By the time an infant is 9 months old, solid foods have the greatest impact on the gut microbiota, having taken over from the mother as the main influence, says research published in mSphere.
The gut microbiota, or gut microbiome, refers to the community of 100 trillion plus microbial cells that live in the digestive tract.
Disruption to the gut microbiota has been associated with gastrointestinal conditions such as inflammatory bowel disease and obesity.
At birth, children have no microbes in their gut, but colonization happens as soon as they are born.The gut microbiota establishes itself over the next few years, and, on the whole, it will then stay with the person for life.
Each adult’s gut microbiota is specific to the individual. Although changes can occur in response to factors such as diet, these will be minor.
- 79.9% of babies were breastfed in the US in 2014
- Percentage of babies breastfed but not exclusively: 49.4% at 6 months and 26.7% at 12 months
- Percentage of babies exclusively breastfed: 40.7% at 3 months and 18.8% at 6 months.
Senior author Tine Rask Licht, PhD, professor and head of the Research Group for Microbiology and Immunology at the National Food Institute, Technical University of Denmark, describes it as “more or less like a fingerprint.”
Diet has a strong impact on the gut microbiome, and breastfeeding is known to be an important influence.
Children of obese parents have a higher risk of developing obesity, partly because of genetic predisposition, but largely due to the gut microbiota.
Previous studies have focused on the impact of early infant diet, and particularly breastfeeding, but less is known about the influence of maternal obesity on the infant gut microbiota.
The tendency to become obese can be transmitted either through microbes passed to the infant during birth or through the family’s dietary habits.
Martin Laursen, of the Technical University of Denmark, and colleagues compared the gut microbiotas of two cohorts of infants.

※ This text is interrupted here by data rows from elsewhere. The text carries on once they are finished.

(* Let $R_c,H,\alpha_L,\alpha_N,B,C>0$ and $0<\delta<1$. For $\lambda>0$ define, with $P_L(r_0)=\frac{1}{1+C\exp(-B(\arctan(H/r_0)-C))}$, $P_N=1-P_L$, $A_s(r_0)=(\delta(H^2+r_0^2)^{\alpha_s/2})^{1/\alpha_N}$, $B_s(r_0)=(\frac1\delta(H^2+r_0^2)^{\alpha_s/2})^{1/\alpha_N}$ ($s\in\{L,N\}$), the area fractions $\bar{C}_{\mathcal{A}_1}=\frac{2}{R_c^2}\sum_{s}\int_0^{R_c}P_s(r_0)F_{r_1|r_0}(A_s(r_0))r_0\,dr_0$ and $\bar{C}_{\mathcal{A}_3}=\frac{2}{R_c^2}\sum_{s}\int_0^{R_c}P_s(r_0)(1-F_{r_1|r_0}(B_s(r_0)))r_0\,dr_0$, where $F_{r_1|r_0}$ depends on $\lambda$ as described in the context. Then $\bar{C}_{\mathcal{A}_1}$ increases with $\lambda$ and $\bar{C}_{\mathcal{A}_3}$ decreases with $\lambda$.
   Context: $F_{r_1|r_0}$ is the CDF of the distance $r_1$ from $x_0=(r_0,0)$, $0\le r_0\le R_c$, to the nearest point of $\Phi\setminus\{y:\|y\|\le R_c\}$, $\Phi$ a homogeneous Poisson point process of intensity $\lambda$ on $\mathbb{R}^2$: $F_{r_1|r_0}(r)=0$ for $r\le R_c-r_0$, $=1-e^{-\lambda\zeta_2(r)}$ for $R_c-r_0<r<R_c+r_0$, where $\zeta_2(r)=\pi r^2-\theta_1R_c^2+R_c^2\sin\theta_1\cos\theta_1-\theta_2r^2+r^2\sin\theta_2\cos\theta_2$, $\theta_1=\arccos\frac{R_c^2+r_0^2-r^2}{2R_cr_0}$, $\theta_2=\arccos\frac{r_0^2+r^2-R_c^2}{2r_0r}$, and $=1-e^{-\lambda(\pi r^2-\pi R_c^2)}$ otherwise. $\bar C_{\mathcal{A}_1}$ (resp. $\bar C_{\mathcal{A}_3}$) is the expected fraction of the malfunction disc whose users are served by the nearest ground base station only (resp. the UAV only). *)

theory Defs
  imports "HOL-Analysis.Analysis"
begin

text \<open>Area function zeta_2(r) for the lens region (context), with x0 = (r0,0).\<close>
definition zeta2 :: "real \<Rightarrow> real \<Rightarrow> real \<Rightarrow> real" where
  "zeta2 Rc r0 r =
     (let th1 = arccos ((Rc^2 + r0^2 - r^2) / (2 * Rc * r0));
          th2 = arccos ((r0^2 + r^2 - Rc^2) / (2 * r0 * r))
      in pi * r^2 - th1 * Rc^2 + Rc^2 * sin th1 * cos th1
         - th2 * r^2 + r^2 * sin th2 * cos th2)"

definition F_cond :: "real \<Rightarrow> real \<Rightarrow> real \<Rightarrow> real \<Rightarrow> real" where
  "F_cond lam Rc r0 r =
     (if r \<le> Rc - r0 then 0
      else if r < Rc + r0 then 1 - exp (- lam * zeta2 Rc r0 r)
      else 1 - exp (- lam * (pi * r^2 - pi * Rc^2)))"

definition P_L :: "real \<Rightarrow> real \<Rightarrow> real \<Rightarrow> real \<Rightarrow> real" where
  "P_L H B C r0 = 1 / (1 + C * exp (- B * (arctan (H / r0) - C)))"

definition P_N :: "real \<Rightarrow> real \<Rightarrow> real \<Rightarrow> real \<Rightarrow> real" where
  "P_N H B C r0 = 1 - P_L H B C r0"

definition A_s :: "real \<Rightarrow> real \<Rightarrow> real \<Rightarrow> real \<Rightarrow> real \<Rightarrow> real" where
  "A_s \<delta> H alpha_s alpha_N r0 = (\<delta> * (H^2 + r0^2) powr (alpha_s / 2)) powr (1 / alpha_N)"

definition B_s :: "real \<Rightarrow> real \<Rightarrow> real \<Rightarrow> real \<Rightarrow> real \<Rightarrow> real" where
  "B_s \<delta> H alpha_s alpha_N r0 = ((1 / \<delta>) * (H^2 + r0^2) powr (alpha_s / 2)) powr (1 / alpha_N)"

definition CA1 :: "real \<Rightarrow> real \<Rightarrow> real \<Rightarrow> real \<Rightarrow> real \<Rightarrow> real \<Rightarrow> real \<Rightarrow> real \<Rightarrow> real" where
  "CA1 Rc H alpha_L alpha_N B C \<delta> lam =
     2 / Rc^2 *
       (integral {0..Rc} (\<lambda>r0. P_L H B C r0 * F_cond lam Rc r0 (A_s \<delta> H alpha_L alpha_N r0) * r0)
      + integral {0..Rc} (\<lambda>r0. P_N H B C r0 * F_cond lam Rc r0 (A_s \<delta> H alpha_N alpha_N r0) * r0))"

definition CA3 :: "real \<Rightarrow> real \<Rightarrow> real \<Rightarrow> real \<Rightarrow> real \<Rightarrow> real \<Rightarrow> real \<Rightarrow> real \<Rightarrow> real" where
  "CA3 Rc H alpha_L alpha_N B C \<delta> lam =
     2 / Rc^2 *
       (integral {0..Rc} (\<lambda>r0. P_L H B C r0 * (1 - F_cond lam Rc r0 (B_s \<delta> H alpha_L alpha_N r0)) * r0)
      + integral {0..Rc} (\<lambda>r0. P_N H B C r0 * (1 - F_cond lam Rc r0 (B_s \<delta> H alpha_N alpha_N r0)) * r0))"

end

theory Submission
  imports Defs
begin

text \<open>The intensity enters \<open>F_cond\<close> only through \<open>1 - exp (- \<lambda> * a)\<close>, where the area \<open>a\<close>
  is either that of an annulus, \<open>\<pi> (r\<^sup>2 - R\<^sub>c\<^sup>2)\<close>, or that of a lune, \<open>\<zeta>\<^sub>2(r)\<close>. Both areas are
  nonnegative, so \<open>F_cond\<close> is pointwise nondecreasing in \<open>\<lambda>\<close>, and the coverage fractions,
  integrals of \<open>F_cond\<close> resp. \<open>1 - F_cond\<close> against nonnegative weights, inherit this.
  With \<open>t\<^sub>1 = \<theta>\<^sub>1\<close> and \<open>t\<^sub>2 = \<pi> - \<theta>\<^sub>2\<close> one has
  \<open>\<zeta>\<^sub>2(r) = r\<^sup>2 (t\<^sub>2 - sin t\<^sub>2 cos t\<^sub>2) - R\<^sub>c\<^sup>2 (t\<^sub>1 - sin t\<^sub>1 cos t\<^sub>1)\<close>, the difference of two
  circular segments on the common chord of half-length \<open>R\<^sub>c sin t\<^sub>1 = r sin t\<^sub>2\<close>, with
  \<open>t\<^sub>1 \<le> t\<^sub>2\<close>. It is nonnegative because the segment area per squared half-chord,
  \<open>(t - sin t cos t) / sin\<^sup>2 t\<close>, increases on \<open>(0, \<pi>)\<close>.\<close>

lemma sin_minus_mult_cos_nonneg:
  fixes t :: real
  assumes "0 \<le> t" "t \<le> pi"
  shows "0 \<le> sin t - t * cos t"
proof -
  have "sin 0 - 0 * cos 0 \<le> sin t - t * cos t"
  proof (rule DERIV_nonneg_imp_nondecreasing[OF assms(1)])
    fix x assume x: "0 \<le> x" "x \<le> t"
    have "((\<lambda>t. sin t - t * cos t) has_real_derivative x * sin x) (at x)"
      by (rule derivative_eq_intros refl | simp)+
    moreover have "0 \<le> x * sin x"
      using x assms by (simp add: sin_ge_zero)
    ultimately show "\<exists>d. ((\<lambda>t. sin t - t * cos t) has_real_derivative d) (at x) \<and> 0 \<le> d"
      by blast
  qed
  then show ?thesis by simp
qed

The first group consisted of 114 children born to healthy mothers. In the other group were 113 children born to obese mothers.
The researchers analyzed stool samples from the children at 9 and 18 months. They then compared microbiota data with breastfeeding patterns and details of individual diets.
By 9 months, most children had transitioned, to some extent, to a complementary diet. The major determinants of gut microbiota development were the length of time that the mother breastfed the baby and the composition of the solid foods.
The introduction of solid foods with high protein and fiber contents had a strong impact on the gut microbial composition in both groups.
The researchers found that solid foods are the main driver of development of the gut microbiota at the age of 9 months, and this food determines the diversity and composition of the microbiota.
Prof. Licht says:
“Our results reveal that the transition from early infant feeding to family foods is a major determinant for gut microbiota development. Maternal obesity did not influence microbial diversity or specific taxon abundances during the complementary feeding period.”
Earlier this year, Medical News Today reported on research suggesting that the type of delivery an infant has can affect the composition of his or her gut microbiota.